We met at the BBC Newsnight debate on Syria. I think you gave me a card, which I promptly lost. I hope you find this message.

I’m taking the liberty of sending you my latest article concerning sectarian readings of the Syrian situation (my other stuff is on the same blog) as well as something by the secular intellectual Yassin al-Haj Saleh which presents a case better than I could.

As for your question, wouldn’t it be better for containment if Assad were to win? here’s a slightly fuller answer.

Assad can’t win completely, even with continuing solid support from Russia, Iran and Iran’s Iraqi and Lebanese clients, because the opposition has numbers on its side (and secondarily because Saudi weapons will continue to come in). If things go on as they are, a much more likely medium term result is the splintering of the country into zones of destabilisation:

1. a regime/Alawi zone between Damascus and the coast bridged by Homs, which will involve a massive ethnic cleansing of Sunnis from the Homs area (the regime has already burnt the land registry) and probably from the coastal cities too. The blowback from this probable future may well catalyse the sectarian mass slaughter of civilians which hasn’t yet happened from the opposition’s side. As I said in the green room, Assad’s rump state would be in effect Iran’s state (as opposed to Iran’s ally, which Syria was before 2011), beholden to Iran, because it’s Iran and its clients who are directing the regime fightback now.
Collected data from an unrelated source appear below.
(* Let $(\varphi_\alpha)_{\alpha>0}$ be a non-linear regularizing filter satisfying Assumption B, let $(\delta_k)_k,(\alpha_k)_k$ be positive null sequences with $\delta_k^2/\alpha_k\to0$, and let $y\in\operatorname{ran}(\mathbf{A})$ with $\mathbf{T}_v^*(y)\in\operatorname{ran}(\Phi_{\tilde\alpha,\kappa})$ for some $\tilde\alpha>0$. Let $(y^k)_k$ be a sequence in $\mathbb{Y}$ with $\|y^k-y\|\le\delta_k$. Then $\mathbf{B}_{\alpha_k}(y^k)\rightharpoonup\mathbf{A}^+y$ weakly in $\mathbb{X}$ as $k\to\infty$.
   Context: $\mathbb{X},\mathbb{Y}$ are real Hilbert spaces and $\mathbf{A}\colon\mathbb{X}\to\mathbb{Y}$ is bounded linear with Moore–Penrose inverse $\mathbf{A}^+$. $\Lambda$ is an at most countable index set. A diagonal frame decomposition (DFD) of $\mathbf{A}$ is a triple $(u_\lambda,v_\lambda,\kappa_\lambda)_{\lambda\in\Lambda}$ such that $(u_\lambda)$ is a frame of $\ker(\mathbf{A})^\perp$, $(v_\lambda)$ is a frame of $\overline{\operatorname{ran}(\mathbf{A})}$, and $\kappa_\lambda>0$ with $\mathbf{A}^*v_\lambda=\kappa_\lambda u_\lambda$ for all $\lambda$; we fix such a DFD with $\sup_\lambda\kappa_\lambda<\infty$. $(\bar u_\lambda)$ is a dual frame of $(u_\lambda)$, i.e. $x=\sum_\lambda\langle x,u_\lambda\rangle\bar u_\lambda$ for all $x\in\ker(\mathbf{A})^\perp$. $\mathbf{T}_{\bar u}\colon\ell^2(\Lambda)\to\mathbb{X}$, $(c_\lambda)\mapsto\sum_\lambda c_\lambda\bar u_\lambda$, and $\mathbf{T}_v^*\colon\mathbb{Y}\to\ell^2(\Lambda)$, $y\mapsto(\langle y,v_\lambda\rangle)_\lambda$. $\mathbf{M}_\kappa\colon\ell^2(\Lambda)\to\ell^2(\Lambda)$, $(x_\lambda)\mapsto(\kappa_\lambda x_\lambda)$; $\mathbf{M}_\kappa^+$ is its Moore–Penrose inverse, with domain $\{(c_\lambda)\in\ell^2:(c_\lambda/\kappa_\lambda)\in\ell^2\}$ and $\mathbf{M}_\kappa^+((c_\lambda))=(c_\lambda/\kappa_\lambda)$. A non-linear regularizing filter is a family $(\varphi_\alpha)_{\alpha>0}$ of functions $\varphi_\alpha\colon(0,\infty)\times\mathbb{R}\to\mathbb{R}$ such that for all $\alpha,\kappa>0$: (F1) $\varphi_\alpha(\kappa,\cdot)$ is non-decreasing; (F2) $\varphi_\alpha(\kappa,\cdot)$ is 1-Lipschitz; (F3) $\varphi_\alpha(\kappa,0)=0$; (F4) $\lim_{\alpha\to0}\varphi_\alpha(\kappa,c)=c$ for all $c\in\mathbb{R}$. $\Phi_{\alpha,\kappa}\colon\ell^2(\Lambda)\to\ell^2(\Lambda)$, $(c_\lambda)\mapsto(\varphi_\alpha(\kappa_\lambda,c_\lambda))_\lambda$. Non-linear filtered DFD: $\operatorname{dom}(\mathbf{B}_\alpha)=\{y\in\mathbb{Y}:\Phi_{\alpha,\kappa}(\mathbf{T}_v^*y)\in\operatorname{dom}(\mathbf{M}_\kappa^+)\}$ and $\mathbf{B}_\alpha(y)=\sum_\lambda\kappa_\lambda^{-1}\varphi_\alpha(\kappa_\lambda,\langle y,v_\lambda\rangle)\bar u_\lambda=\mathbf{T}_{\bar u}\circ\mathbf{M}_\kappa^+\circ\Phi_{\alpha,\kappa}\circ\mathbf{T}_v^*(y)$. Assumption B: (B1) for all $\kappa>0$ and $x\in\mathbb{R}$, $(|\varphi_\alpha(\kappa,x)|)_{\alpha>0}$ is monotonically increasing as $\alpha\downarrow0$; (B2) there exist $d,e>0$ such that for all $\kappa,\alpha>0$, $x\in\mathbb{R}$: $|x|\le d\alpha/\kappa\Rightarrow|\varphi_\alpha(\kappa,x)|\le\frac{e\kappa}{\sqrt\alpha}|x|$. *)

theory Defs
  imports "HOL-Analysis.Analysis"
begin

definition orth_compl :: "'a::real_inner set \<Rightarrow> 'a set" where
  "orth_compl W = {x. \<forall>w\<in>W. inner x w = 0}"

definition ker :: "('a \<Rightarrow> 'b::zero) \<Rightarrow> 'a set" where
  "ker A = {x. A x = 0}"

definition l2 :: "'i set \<Rightarrow> ('i \<Rightarrow> real) set" where
  "l2 \<Lambda> = {c. (\<lambda>l. (c l)\<^sup>2) summable_on \<Lambda>}"

definition is_frame :: "'a::real_inner set \<Rightarrow> ('i \<Rightarrow> 'a) \<Rightarrow> 'i set \<Rightarrow> bool" where
  "is_frame V u \<Lambda> \<longleftrightarrow> (\<forall>l\<in>\<Lambda>. u l \<in> V) \<and>
     (\<exists>a b. 0 < a \<and> a \<le> b \<and> (\<forall>x\<in>V. (\<lambda>l. (inner x (u l))\<^sup>2) summable_on \<Lambda> \<and>
        a * (norm x)\<^sup>2 \<le> (\<Sum>\<^sub>\<infinity>l\<in>\<Lambda>. (inner x (u l))\<^sup>2) \<and>
        (\<Sum>\<^sub>\<infinity>l\<in>\<Lambda>. (inner x (u l))\<^sup>2) \<le> b * (norm x)\<^sup>2))"

text \<open>Diagonal frame decomposition (u, v, \<kappa>) of A with bounded \<kappa>.
  A* v_l = \<kappa>_l u_l is written out via the defining property of the adjoint.\<close>
definition is_DFD :: "('x::real_inner \<Rightarrow> 'y::real_inner) \<Rightarrow> 'i set \<Rightarrow>
    ('i \<Rightarrow> 'x) \<Rightarrow> ('i \<Rightarrow> 'y) \<Rightarrow> ('i \<Rightarrow> real) \<Rightarrow> bool" where
  "is_DFD A \<Lambda> u v \<kappa> \<longleftrightarrow> countable \<Lambda> \<and>
     is_frame (orth_compl (ker A)) u \<Lambda> \<and>
     is_frame (closure (range A)) v \<Lambda> \<and>
     (\<forall>l\<in>\<Lambda>. 0 < \<kappa> l \<and> (\<forall>x. inner (A x) (v l) = \<kappa> l * inner x (u l)))"

definition is_dual_frame :: "'x::real_inner set \<Rightarrow> 'i set \<Rightarrow> ('i \<Rightarrow> 'x) \<Rightarrow> ('i \<Rightarrow> 'x) \<Rightarrow> bool" where
  "is_dual_frame V \<Lambda> u ub \<longleftrightarrow> is_frame V ub \<Lambda> \<and>
     (\<forall>x\<in>V. ((\<lambda>l. inner x (u l) *\<^sub>R ub l) has_sum x) \<Lambda>)"

text \<open>Moore-Penrose inverse: A^+ y is the unique x in ker(A)^perp with Ax - y orthogonal
  to ran(A) (i.e. A x = projection of y onto the closure of ran A);
  dom(A^+) = ran A + ran(A)^perp.\<close>
definition mp_inverse :: "('x::real_inner \<Rightarrow> 'y::real_inner) \<Rightarrow> 'y \<Rightarrow> 'x" where
  "mp_inverse A y = (THE x. x \<in> orth_compl (ker A) \<and> A x - y \<in> orth_compl (range A))"

text \<open>Non-linear regularizing filter; \<phi> \<alpha> \<kappa> c stands for \<phi>_\<alpha>(\<kappa>, c).\<close>
definition nonlinear_reg_filter :: "(real \<Rightarrow> real \<Rightarrow> real \<Rightarrow> real) \<Rightarrow> bool" where
  "nonlinear_reg_filter \<phi> \<longleftrightarrow> (\<forall>\<alpha> \<kappa>. 0 < \<alpha> \<longrightarrow> 0 < \<kappa> \<longrightarrow>
       mono (\<phi> \<alpha> \<kappa>) \<and>
       (\<forall>x y. \<bar>\<phi> \<alpha> \<kappa> x - \<phi> \<alpha> \<kappa> y\<bar> \<le> \<bar>x - y\<bar>) \<and>
       \<phi> \<alpha> \<kappa> 0 = 0) \<and>
     (\<forall>\<kappa> c. 0 < \<kappa> \<longrightarrow> ((\<lambda>\<alpha>. \<phi> \<alpha> \<kappa> c) \<longlongrightarrow> c) (at_right 0))"

definition assumption_B :: "(real \<Rightarrow> real \<Rightarrow> real \<Rightarrow> real) \<Rightarrow> bool" where
  "assumption_B \<phi> \<longleftrightarrow>
     (\<forall>\<kappa> x \<alpha> \<beta>. 0 < \<kappa> \<longrightarrow> 0 < \<alpha> \<longrightarrow> \<alpha> \<le> \<beta> \<longrightarrow> \<bar>\<phi> \<beta> \<kappa> x\<bar> \<le> \<bar>\<phi> \<alpha> \<kappa> x\<bar>) \<and>
     (\<exists>d e. 0 < d \<and> 0 < e \<and> (\<forall>\<kappa> \<alpha> x. 0 < \<kappa> \<longrightarrow> 0 < \<alpha> \<longrightarrow>
        \<bar>x\<bar> \<le> d * \<alpha> / \<kappa> \<longrightarrow> \<bar>\<phi> \<alpha> \<kappa> x\<bar> \<le> e * \<kappa> / sqrt \<alpha> * \<bar>x\<bar>))"

text \<open>Coefficients M_\<kappa>^+ \<Phi>_{\<alpha>,\<kappa>} T_v^* y.\<close>
definition filt_coeffs :: "(real \<Rightarrow> real \<Rightarrow> real \<Rightarrow> real) \<Rightarrow> ('i \<Rightarrow> 'y::real_inner) \<Rightarrow>
    ('i \<Rightarrow> real) \<Rightarrow> real \<Rightarrow> 'y \<Rightarrow> 'i \<Rightarrow> real" where
  "filt_coeffs \<phi> v \<kappa> \<alpha> y = (\<lambda>l. \<phi> \<alpha> (\<kappa> l) (inner y (v l)) / \<kappa> l)"

text \<open>Domain of B_\<alpha>: \<Phi>_{\<alpha>,\<kappa>}(T_v^* y) \<in> dom(M_\<kappa>^+).\<close>
definition B_dom :: "(real \<Rightarrow> real \<Rightarrow> real \<Rightarrow> real) \<Rightarrow> 'i set \<Rightarrow> ('i \<Rightarrow> 'y::real_inner) \<Rightarrow>
    ('i \<Rightarrow> real) \<Rightarrow> real \<Rightarrow> 'y set" where
  "B_dom \<phi> \<Lambda> v \<kappa> \<alpha> = {y. (\<lambda>l. \<phi> \<alpha> (\<kappa> l) (inner y (v l))) \<in> l2 \<Lambda> \<and>
                             filt_coeffs \<phi> v \<kappa> \<alpha> y \<in> l2 \<Lambda>}"

text \<open>Non-linear filtered DFD B_\<alpha>(y) = T_ub (M_\<kappa>^+ (\<Phi>_{\<alpha>,\<kappa>} (T_v^* y))).\<close>
definition B_op :: "(real \<Rightarrow> real \<Rightarrow> real \<Rightarrow> real) \<Rightarrow> 'i set \<Rightarrow> ('i \<Rightarrow> 'x::real_inner) \<Rightarrow>
    ('i \<Rightarrow> 'y::real_inner) \<Rightarrow> ('i \<Rightarrow> real) \<Rightarrow> real \<Rightarrow> 'y \<Rightarrow> 'x" where
  "B_op \<phi> \<Lambda> ub v \<kappa> \<alpha> y = (\<Sum>\<^sub>\<infinity>l\<in>\<Lambda>. filt_coeffs \<phi> v \<kappa> \<alpha> y l *\<^sub>R ub l)"

definition weakly_converges :: "(nat \<Rightarrow> 'a::real_inner) \<Rightarrow> 'a \<Rightarrow> bool" where
  "weakly_converges xs x \<longleftrightarrow> (\<forall>z. (\<lambda>k. inner (xs k) z) \<longlonglongrightarrow> inner x z)"

end

theory Submission
  imports Defs
begin

text \<open>
  Let p = A^+ y. The DFD relation gives \<langle>y, v l\<rangle> / \<kappa> l = \<langle>p, u l\<rangle>, and p = \<Sum> \<langle>p, u l\<rangle> ub l.
  The coefficients c k l = \<phi> (\<alpha> k) (\<kappa> l) \<langle>y k, v l\<rangle> / \<kappa> l of B (\<alpha> k) (y k) converge to
  \<langle>p, u l\<rangle> for every l by (F2) and (F4). They are also bounded in l2, uniformly in k: writing
  n l = \<langle>y k - y, v l\<rangle>, either \<bar>\<langle>y k, v l\<rangle>\<bar> is at most twice the exact coefficient, or it is at
  most 2 \<bar>n l\<bar>, and then (B2) for small and \<bar>\<phi> x\<bar> \<le> \<bar>x\<bar> for large arguments give
  c k l^2 \<le> 4 \<langle>p, u l\<rangle>^2 + (4 e^2 / \<alpha> k + 16 b \<delta> k^2 / (d^2 \<alpha> k^2)) n l^2 with \<Sum> n l^2 \<le> b \<delta> k^2
  by the Bessel bound b of v; this is bounded because \<delta> k^2 / \<alpha> k is. A bounded, pointwise
  convergent sequence in l2 converges weakly, and synthesis with the Bessel family ub is bounded.
\<close>

section \<open>Orthogonal projection and the Moore--Penrose inverse\<close>

lemma orth_compl_eq_orthogonal_comp: "orth_compl W = W\<^sup>\<bottom>"
  by (auto simp: orth_compl_def orthogonal_comp_def orthogonal_def inner_commute)

lemma subspace_orth_compl: "subspace (orth_compl W)"
  unfolding orth_compl_eq_orthogonal_comp by (rule subspace_orthogonal_comp)

lemma subspace_closure:
  fixes S :: "'a::real_normed_vector set"
  assumes "subspace S"
  shows "subspace (closure S)"
  unfolding subspace_def
proof (intro conjI ballI allI)
  show "0 \<in> closure S"
    using assms closure_subset subspace_0 by blast
next
  fix x y assume "x \<in> closure S" "y \<in> closure S"
  then obtain f g where "\<And>n. f n \<in> S" "f \<longlonglongrightarrow> x" "\<And>n. g n \<in> S" "g \<longlonglongrightarrow> y"
    unfolding closure_sequential by blast
  then show "x + y \<in> closure S"
    unfolding closure_sequential using assms
    by (intro exI[of _ "\<lambda>n. f n + g n"]) (auto intro: tendsto_add subspace_add)
next
  fix c :: real and x assume "x \<in> closure S"
  then obtain f where "\<And>n. f n \<in> S" "f \<longlonglongrightarrow> x"
    unfolding closure_sequential by blast
  then show "c *\<^sub>R x \<in> closure S"
    unfolding closure_sequential using assms
    by (intro exI[of _ "\<lambda>n. c *\<^sub>R f n"]) (auto intro: tendsto_scaleR subspace_scale)
qed

lemma subspace_ker: "linear A \<Longrightarrow> subspace (ker A)"
  unfolding ker_def by (rule linear_subspace_kernel)

lemma closed_ker: "bounded_linear A \<Longrightarrow> closed (ker A)"
  unfolding ker_def
  by (intro closed_Collect_eq linear_continuous_on continuous_on_const)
The risk is high that Iran will use Syria as a proxy front for its war with Israel in the same way that Syria once used Lebanon. And while Iran already ‘has’ Lebanon, Hizbullah is forced to deal with other groups in Lebanese politics. Control of a straightforward military/sectarian dictatorship, and a bigger country, is much more of a prize for Iran. I’m no friend of Israel, but America and Britain generally are, so it’s surprising to see all concerned ignoring the emergence of a greater strategic threat to the status quo than Iran’s nuclear programme (if they actually believe their rhetoric of Iran posing a threat to Israel).

2. A Kurdish zone fought over by PKK-linked Kurds and more moderate groups. The Turks likely to stage interventions here, imperilling their deal with the Turkish PKK.

3. Arab-majority liberated zones, still shelled and depopulated, unable to restart the economy, fought over by Salafist and moderate militias, sometimes (especially to the east) falling to Salafist militias, eventually leading to Western intervention anyway, probably in the form of drone strikes targetting terrorists but as usual hitting wedding parties and creating more terrorists.

In the splitting scenario significant numbers of refugees would become semi-permanent in Lebanon, Turkey and Jordan, potentially causing as  much destabilisation as Palestinian refugees did in the seventies.

The problem isn’t going away. Ramifications for Britain and Europe include all those pertaining to a zone of economic collapse and trauma on the eastern Mediterranean, all the unforeseeable knock-on effects, including at very least a new illegal migration issue and a pool of new recruits for violent political/religious organisations.

On the point of principle, this is very unlike Iraq and Afghanistan. Nobody is asking for invasion or occupation, not for a single dead British soldier. Neither of those two occupations came at a time of mass popular revolution. Moderate Syrians are asking for the means to bring this to a conclusion themselves, to stop a genocide, a mass torture campaign, a mass rape campaign. Nobody is pretending at this late stage that the next day will be easy.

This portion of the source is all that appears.